James Corrigan’s Aufidius exudes some intensity and you believe him when he claims ‘when I see thee here,/Thou noble thing, more dances my rapt heart/Than when I first my wedded mistress saw/bestride my threshold.’ The audience laugh at the way Corrigan manages that so when he comes to the dream ’down together in my sleep’ the innocent ‘fisting each other’s throats’ elicits laughter, and a little later ‘passage’ with a further eruption suggests Julian Cleary’s editing the text. Since the production taking hints studs the plebs, tribunes and servants with comedy (those who in Act IV don’t believe the pilgrim is Coriolanus) particularly in omitting more sober lines, the inevitability in comic feeling fringes this deeply serious bonding. Corrigan’s reaction at the end lamenting over what he’s wrought is of a piece with mourning his better half gone.

 

There’s a useful gender-switch of roles in the tribunes, Martina Laird’s subtler Junius Brutus, and Jackie Morrison’s truculent Sicinius, Katherine Toy’s Valeria with other roles and Justine Marriott’s Second Citizen stand out. Simon Yadoo’s active Herald and Barry Gill’s Aedile, the Citizen Smith attitudinsing of First Citizen Geoffrey Lumb etch distinctive marks but Tony Boncza and Ben Hall’s Titus Lartius are vocally distinctive too, as is Jesson and of course Gwynne.

 

It’s a Coriolanus memorable for its patient elaboration of the political as well as personal forces the central character’s torn apart by, and an active interrogation of the nature of democracy.

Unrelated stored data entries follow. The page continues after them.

lemma local_extremum_compose:
  assumes "local_extremum f (h x)" "filterlim h (at (h x)) (at x)"
  shows "local_extremum (\<lambda>y. f (h y)) x"
  using assms eventually_compose_filterlim unfolding local_extremum_def by blast

lemma local_extremum_between:
  fixes f :: "real \<Rightarrow> real"
  assumes "x < y" "continuous_on {x..y} f" "f x = f y"
  obtains \<tau> where "\<tau> \<in> {x<..<y}" "local_extremum f \<tau>"
proof -
  obtain \<tau> where \<tau>: "\<tau> \<in> {x<..<y}"
      "(\<forall>w\<in>{x..y}. f w \<le> f \<tau>) \<or> (\<forall>w\<in>{x..y}. f \<tau> \<le> f w)"
    using continuous_IVT_local_extremum[of x y f] assms
    by (auto simp: closed_segment_eq_real_ivl open_segment_eq_real_ivl)
  have near: "\<forall>\<^sub>F w in at \<tau>. w \<in> {x..y}"
    using eventually_at_in_open'[of "{x<..<y}" \<tau>] \<tau>(1) by (auto elim: eventually_mono)
  have "(\<forall>\<^sub>F w in at \<tau>. f w \<le> f \<tau>) \<or> (\<forall>\<^sub>F w in at \<tau>. f \<tau> \<le> f w)"
    using \<tau>(2)
  proof
    assume "\<forall>w\<in>{x..y}. f w \<le> f \<tau>"
    with near show ?thesis
      by (intro disjI1) (auto elim: eventually_mono)
  next
    assume "\<forall>w\<in>{x..y}. f \<tau> \<le> f w"
    with near show ?thesis
      by (intro disjI2) (auto elim: eventually_mono)
  qed
  then have "local_extremum f \<tau>"
    by (simp add: local_extremum_def)
  with \<tau>(1) show ?thesis
    using that by blast
qed

lemma inj_on_if_no_local_extremum:
  fixes f :: "real \<Rightarrow> real"
  assumes "is_interval S" "continuous_on S f" "\<And>\<tau>. \<tau> \<in> S \<Longrightarrow> \<not> local_extremum f \<tau>"
  shows "inj_on f S"
proof -
  have no_repeat: "f x \<noteq> f y" if "x \<in> S" "y \<in> S" "x < y" for x y
  proof
    assume "f x = f y"
    have "{x..y} \<subseteq> S"
      using assms(1) that unfolding is_interval_1 by (metis atLeastAtMost_iff subsetI)
    moreover obtain \<tau> where "\<tau> \<in> {x<..<y}" "local_extremum f \<tau>"
      using local_extremum_between[OF \<open>x < y\<close> continuous_on_subset[OF assms(2)] \<open>f x = f y\<close>]
        \<open>{x..y} \<subseteq> S\<close> by blast
    ultimately show False
      using assms(3) by (auto simp: subset_iff)
  qed
  show ?thesis
  proof (rule inj_onI)
    fix x y assume xy: "x \<in> S" "y \<in> S" "f x = f y"
    show "x = y"
      using no_repeat[OF xy(1,2)] no_repeat[OF xy(2,1)] xy(3) by (cases x y rule: linorder_cases) auto
  qed
qed

lemma local_extremum_or_strict_monotone:
  fixes f :: "real \<Rightarrow> real"
  assumes "is_interval S" "continuous_on S f"
  shows "(\<exists>\<tau>\<in>S. local_extremum f \<tau>) \<or> strict_mono_on S f \<or> strict_antimono_on S f"
proof -
  have "inj_on f S \<longleftrightarrow> strict_mono_on S f \<or> strict_antimono_on S f"
    using injective_eq_monotone_map[OF assms] .
  moreover have "(\<forall>\<tau>\<in>S. \<not> local_extremum f \<tau>) \<longrightarrow> inj_on f S"
    using inj_on_if_no_local_extremum[OF assms] by blast
  ultimately show ?thesis
    by blast
qed
(* Let $\phi\colon\mathbb{N}\to(0,\infty)$ be an arbitrary function and let $$R(\phi)=\{x\in\mathbb{I}\colon R_n(x)\ge\phi(n)\text{ for infinitely many }n\}.$$ Then $\mathcal{L}(R(\phi))=1$ if $\sum_{n=1}^\infty\frac{1}{\phi(n)}=\infty$, and $\mathcal{L}(R(\phi))=0$ if $\sum_{n=1}^\infty\frac{1}{\phi(n)}<\infty$.
   Context: $\mathcal{L}$ is Lebesgue measure on $(0,1)$, $\mathbb{I}=(0,1)\setminus\mathbb{Q}$. Signed Engel expansion: define $T\colon[0,1)\to[0,1)$ by: for $k\in\mathbb{N}$, $Tx=\lceil 1/x\rceil x-1$ if $x\in(\frac{1}{2k},\frac{1}{2k-1})$; $Tx=1-\lfloor 1/x\rfloor x$ if $x\in(\frac{1}{2k+1},\frac{1}{2k})$; $Tx=0$ if $x\in\{0\}\cup\{1/n\colon n\ge 2\}$. For $x\in(0,1)$, $d_1(x)=\lceil 1/x\rceil$ if $x\in[\frac{1}{2k},\frac{1}{2k-1})$ for some $k\in\mathbb{N}$, and $d_1(x)=\lfloor 1/x\rfloor$ if $x\in[\frac{1}{2k+1},\frac{1}{2k})$ for some $k\in\mathbb{N}$; $d_{n+1}(x)=d_1(T^nx)$ (defined for all $n$ when $x$ is irrational). For $x\in\mathbb{I}$, $R_1(x)=d_1(x)$ and $R_n(x)=d_n(x)/d_{n-1}(x)$ for $n\ge2$. *)

theory Defs
  imports "HOL-Analysis.Analysis"
begin

definition sengel_T :: "real \<Rightarrow> real" where
  "sengel_T x =
     (if \<exists>k::nat. k \<ge> 1 \<and> x \<in> {1 / real (2*k) <..< 1 / real (2*k - 1)}
      then real_of_int (ceiling (1 / x)) * x - 1
      else if \<exists>k::nat. k \<ge> 1 \<and> x \<in> {1 / real (2*k+1) <..< 1 / real (2*k)}
      then 1 - real_of_int (floor (1 / x)) * x
      else 0)"

definition sengel_d1 :: "real \<Rightarrow> int" where
  "sengel_d1 x =
     (if \<exists>k::nat. k \<ge> 1 \<and> x \<in> {1 / real (2*k) ..< 1 / real (2*k - 1)}
      then ceiling (1 / x) else floor (1 / x))"

definition sengel_d :: "nat \<Rightarrow> real \<Rightarrow> int" where
  "sengel_d n x = sengel_d1 ((sengel_T ^^ (n - 1)) x)"

definition sengel_R :: "nat \<Rightarrow> real \<Rightarrow> real" where
  "sengel_R n x =
     (if n \<le> 1 then real_of_int (sengel_d 1 x)
      else real_of_int (sengel_d n x) / real_of_int (sengel_d (n - 1) x))"

definition sengel_Rset :: "(nat \<Rightarrow> real) \<Rightarrow> real set" where
  "sengel_Rset phi = {x \<in> {0<..<1} - \<rat>. infinite {n. n \<ge> 1 \<and> sengel_R n x \<ge> phi n}}"

end

theory Submission
  imports Defs
begin

text \<open>
  Every signed Engel digit is even. Write Omega a for the irrationals in (0, 1/(2a - 1)); these are
  exactly the points of the irrationals in (0, 1) whose first digit is at least 2a. A point with
  first digit 2m lies either in (1/(2m), 1/(2m - 1)), which T x = 2mx - 1 maps affinely onto
  Omega m, or in (1/(2m + 1), 1/(2m)), which T x = 1 - 2mx maps affinely onto Omega (m + 1).
  Hence a set filling at most the fraction c of both Omega m and Omega (m + 1) pulls back under T
  to at most the fraction c of the cylinder where the first digit is 2m.

  On Omega a, entered after a digit d, the next digit is at least p d on a fraction at most 4/p
  of Omega a, and below p d on a fraction at most 1 - min 1 (1/p) / 4. Inducting along the orbit,
  the set where R_n >= phi n has measure at most 4 / phi n, so Borel-Cantelli settles the
  convergent case; and the set where R_n < phi n for all N <= n < j has measure at most the
  product of the factors 1 - min 1 (1 / phi n) / 4, which tends to 0 when the series diverges.
\<close>

lemma real_of_nat_odd: "1 \<le> k \<Longrightarrow> real (2 * k - 1) = 2 * real k - 1"
  by (simp add: of_nat_diff)

lemma reciprocal_bounds_iff:
  fixes y lo hi :: real
  assumes "0 < y" "0 < lo" "0 < hi"
  shows "1 / hi < y \<and> y < 1 / lo \<longleftrightarrow> lo < 1 / y \<and> 1 / y < hi"
  using assms by (auto simp: field_simps)

lemma Rats_affine_iff:
  fixes c t y :: real
  assumes "c \<in> \<rat>" "t \<in> \<rat>" "c \<noteq> 0"
  shows "t + c * y \<in> \<rat> \<longleftrightarrow> y \<in> \<rat>"
proof
  assume "t + c * y \<in> \<rat>"
  then have "(t + c * y - t) / c \<in> \<rat>"
    using assms by (intro Rats_divide Rats_diff) auto
  then show "y \<in> \<rat>"
    using assms by simp
qed (use assms in auto)

lemma Rats_null_set: "(\<rat> :: real set) \<in> null_sets lborel"
  by (rule countable_imp_null_set_lborel) (rule countable_rat)

lemma borel_imp_sets_lebesgue: "A \<in> sets borel \<Longrightarrow> A \<in> sets lebesgue"
  by simp

lemma emeasure_lebesgue_Ioo: "emeasure lebesgue {l<..<u::real} = ennreal (u - l)"
  by (cases "l \<le> u") (simp_all add: ennreal_neg)

lemma emeasure_lebesgue_affine_vimage:
  fixes c t :: real
  assumes "c \<noteq> 0"
  shows "emeasure lebesgue ((\<lambda>x. t + c * x) -` S) = ennreal (1 / \<bar>c\<bar>) * emeasure lebesgue S"
proof -
  have "(\<lambda>x. t + c * x) -` S = (\<lambda>x. (1 / c) *\<^sub>R x + (- t / c)) ` S"
    using assms by (auto simp: field_simps image_iff intro!: exI[of _ "t + c * _"])
  then show ?thesis
    using emeasure_lebesgue_affine[of "1 / c" "- t / c" S] by simp
qed

lemma emeasure_le_mult_by_partition:
  fixes M :: "'a measure" and P :: "nat \<Rightarrow> 'a set" and c :: ennreal
  assumes P: "disjoint_family P" and cover: "A \<subseteq> (\<Union>m. P m)" "B \<subseteq> (\<Union>m. P m)"
    and sets: "\<And>m. A \<inter> P m \<in> sets M" "\<And>m. B \<inter> P m \<in> sets M"
    and le: "\<And>m. emeasure M (A \<inter> P m) \<le> emeasure M (B \<inter> P m) * c"
  shows "emeasure M A \<le> emeasure M B * c"
proof -
  have split: "emeasure M X = (\<Sum>m. emeasure M (X \<inter> P m))"
    if "X \<subseteq> (\<Union>m. P m)" "\<And>m. X \<inter> P m \<in> sets M" for X
  proof -
    have "disjoint_family (\<lambda>m. X \<inter> P m)"
      using P by (auto simp: disjoint_family_on_def)
    then have "(\<Sum>m. emeasure M (X \<inter> P m)) = emeasure M (\<Union>m. X \<inter> P m)"
      using that(2) by (intro suminf_emeasure) auto
    also have "(\<Union>m. X \<inter> P m) = X"
      using that(1) by blast
    finally show ?thesis ..
  qed
  have "emeasure M A = (\<Sum>m. emeasure M (A \<inter> P m))"
    using cover(1) sets(1) by (rule split)
  also have "\<dots> \<le> (\<Sum>m. emeasure M (B \<inter> P m) * c)"
    by (rule suminf_le[OF le summableI summableI])
  also have "\<dots> = emeasure M B * c"
    using split[OF cover(2) sets(2)] by simp
  finally show ?thesis .
qed

lemma mem_limsup_iff_infinite: "x \<in> limsup A \<longleftrightarrow> infinite {n. x \<in> A n}"
  using mem_limsup_iff[of x A] frequently_cofinite[of "\<lambda>n. x \<in> A n"]
  by (simp add: cofinite_eq_sequentially)

lemma summable_min_1_iff:
  fixes f :: "nat \<Rightarrow> real"
  assumes "\<And>n. 0 \<le> f n"
  shows "summable (\<lambda>n. min 1 (f n)) \<longleftrightarrow> summable f"
proof
  assume sum: "summable (\<lambda>n. min 1 (f n))"
  then have "(\<lambda>n. min 1 (f n)) \<longlonglongrightarrow> 0"
    by (rule summable_LIMSEQ_zero)
  then have "eventually (\<lambda>n. min 1 (f n) < 1) sequentially"
    by (rule order_tendstoD) simp
  then have "eventually (\<lambda>n. min 1 (f n) = f n) sequentially"
    by (rule eventually_mono) (simp add: min_def split: if_splits)
  then have "summable (\<lambda>n. min 1 (f n)) = summable f"
    by (rule summable_cong)
  with sum show "summable f"
    by (simp only:)
next
  assume "summable f"
  then show "summable (\<lambda>n. min 1 (f n))"
    by (rule summable_comparison_test') (use assms in simp)
qed

lemma exists_prod_one_minus_less:
  fixes r :: "nat \<Rightarrow> real"
  assumes r: "\<And>n. 0 \<le> r n" "\<And>n. r n \<le> 1" and not_sum: "\<not> summable r" and e: "e > 0"
  shows "\<exists>j. (\<Prod>n<j. 1 - r n) < e"
proof -
  obtain j where j: "- ln e < (\<Sum>n<j. r n)"
    using not_sum summableI_nonneg_bounded[of r "- ln e"] r(1) by (meson not_le)
  have "(\<Prod>n<j. 1 - r n) \<le> (\<Prod>n<j. exp (- r n))"
  proof (rule prod_mono)
    fix n
    show "0 \<le> 1 - r n \<and> 1 - r n \<le> exp (- r n)"
      using r(2)[of n] exp_ge_add_one_self[of "- r n"] by simp
  qed
  also have "\<dots> = exp (- (\<Sum>n<j. r n))"
    by (simp add: exp_sum[symmetric] sum_negf)
  also have "\<dots> < exp (ln e)"
    using j by simp
  also have "\<dots> = e"
    using e by simp
  finally show ?thesis ..
qed

section \<open>The branches of the signed Engel map\<close>

definition Omega :: "nat \<Rightarrow> real set" where
  "Omega a = {0<..<1 / (2 * real a - 1)} - \<rat>"

definition plus_branch :: "nat \<Rightarrow> real set" where
  "plus_branch m = {1 / (2 * real m) <..< 1 / (2 * real m - 1)} - \<rat>"

definition minus_branch :: "nat \<Rightarrow> real set" where
  "minus_branch m = {1 / (2 * real m + 1) <..< 1 / (2 * real m)} - \<rat>"

lemma Omega_antimono:
  assumes "1 \<le> a" "a \<le> b"
  shows "Omega b \<subseteq> Omega a"
proof -
  have "1 / (2 * real b - 1) \<le> 1 / (2 * real a - 1)"
    using assms by (intro divide_left_mono) auto
  then show ?thesis
    unfolding Omega_def by auto
qed

lemma plus_branch_iff:
  assumes "m \<ge> 1"
  shows "2 * real m * y - 1 \<in> Omega m \<longleftrightarrow> y \<in> plus_branch m"
proof -
  have m: "real m \<ge> 1" using assms by simp
  have "2 * real m * y - 1 < 1 / (2 * real m - 1) \<longleftrightarrow> (2 * real m * y - 1) * (2 * real m - 1) < 1"
    using m by (simp add: less_divide_eq)
  also have "\<dots> \<longleftrightarrow> 2 * real m * (y * (2 * real m - 1) - 1) < 0"
    by (simp add: algebra_simps)
  also have "\<dots> \<longleftrightarrow> y < 1 / (2 * real m - 1)"
    using m by (simp add: mult_less_0_iff less_divide_eq)
  finally have upper: "2 * real m * y - 1 < 1 / (2 * real m - 1) \<longleftrightarrow> y < 1 / (2 * real m - 1)" .
  have lower: "0 < 2 * real m * y - 1 \<longleftrightarrow> 1 / (2 * real m) < y"
    using m by (simp add: field_simps)
  have "2 * real m * y - 1 \<in> \<rat> \<longleftrightarrow> y \<in> \<rat>"
    using Rats_affine_iff[of "2 * real m" "-1" y] m by simp
  with upper lower show ?thesis
    unfolding Omega_def plus_branch_def by auto
qed

lemma minus_branch_iff:
  assumes "m \<ge> 1"
  shows "1 - 2 * real m * y \<in> Omega (Suc m) \<longleftrightarrow> y \<in> minus_branch m"
proof -
  have m: "real m \<ge> 1" using assms by simp
  have "1 - 2 * real m * y < 1 / (2 * real m + 1) \<longleftrightarrow> (1 - 2 * real m * y) * (2 * real m + 1) < 1"
    using m by (simp add: less_divide_eq)
  also have "\<dots> \<longleftrightarrow> 2 * real m * (1 - y * (2 * real m + 1)) < 0"
    by (simp add: algebra_simps)
  also have "\<dots> \<longleftrightarrow> 1 / (2 * real m + 1) < y"
    using m by (simp add: mult_less_0_iff divide_less_eq)
  finally have lower: "1 - 2 * real m * y < 1 / (2 * real m + 1) \<longleftrightarrow> 1 / (2 * real m + 1) < y" .
  have upper: "0 < 1 - 2 * real m * y \<longleftrightarrow> y < 1 / (2 * real m)"
    using m by (simp add: field_simps)
  have "1 - 2 * real m * y \<in> \<rat> \<longleftrightarrow> y \<in> \<rat>"
    using Rats_affine_iff[of "- 2 * real m" 1 y] m by simp
  with upper lower show ?thesis
    unfolding Omega_def minus_branch_def by (auto simp: add.commute)
qed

If it can’t translate the wild anger of its opening moments into sizzling rhetoric and danger it’s because clarity’s a watchword Jackson rightly feels it’s worth erring on the side of. We’re left with a broken Coriolanus between the twin pillars of what he loves most. The scene where Volumnia and entourage, Coriolanus and Aufidius come together is climactic and beautifully drawn out here like the hollow faces the women present; but Shakespeare holds back Aufidius rapidly recalibrating after earlier slights.

 

Perhaps only opera could do justice to the skein of conflicted feelings here. Singularly, there was a musical Caius Martius featuring the young Peter Polycarpu at the Edinburgh Fringe in 1977; all who saw it agreed it should have transferred to the West End. Stranger things have happened to illuminate Shakespeare by flashes of lightning.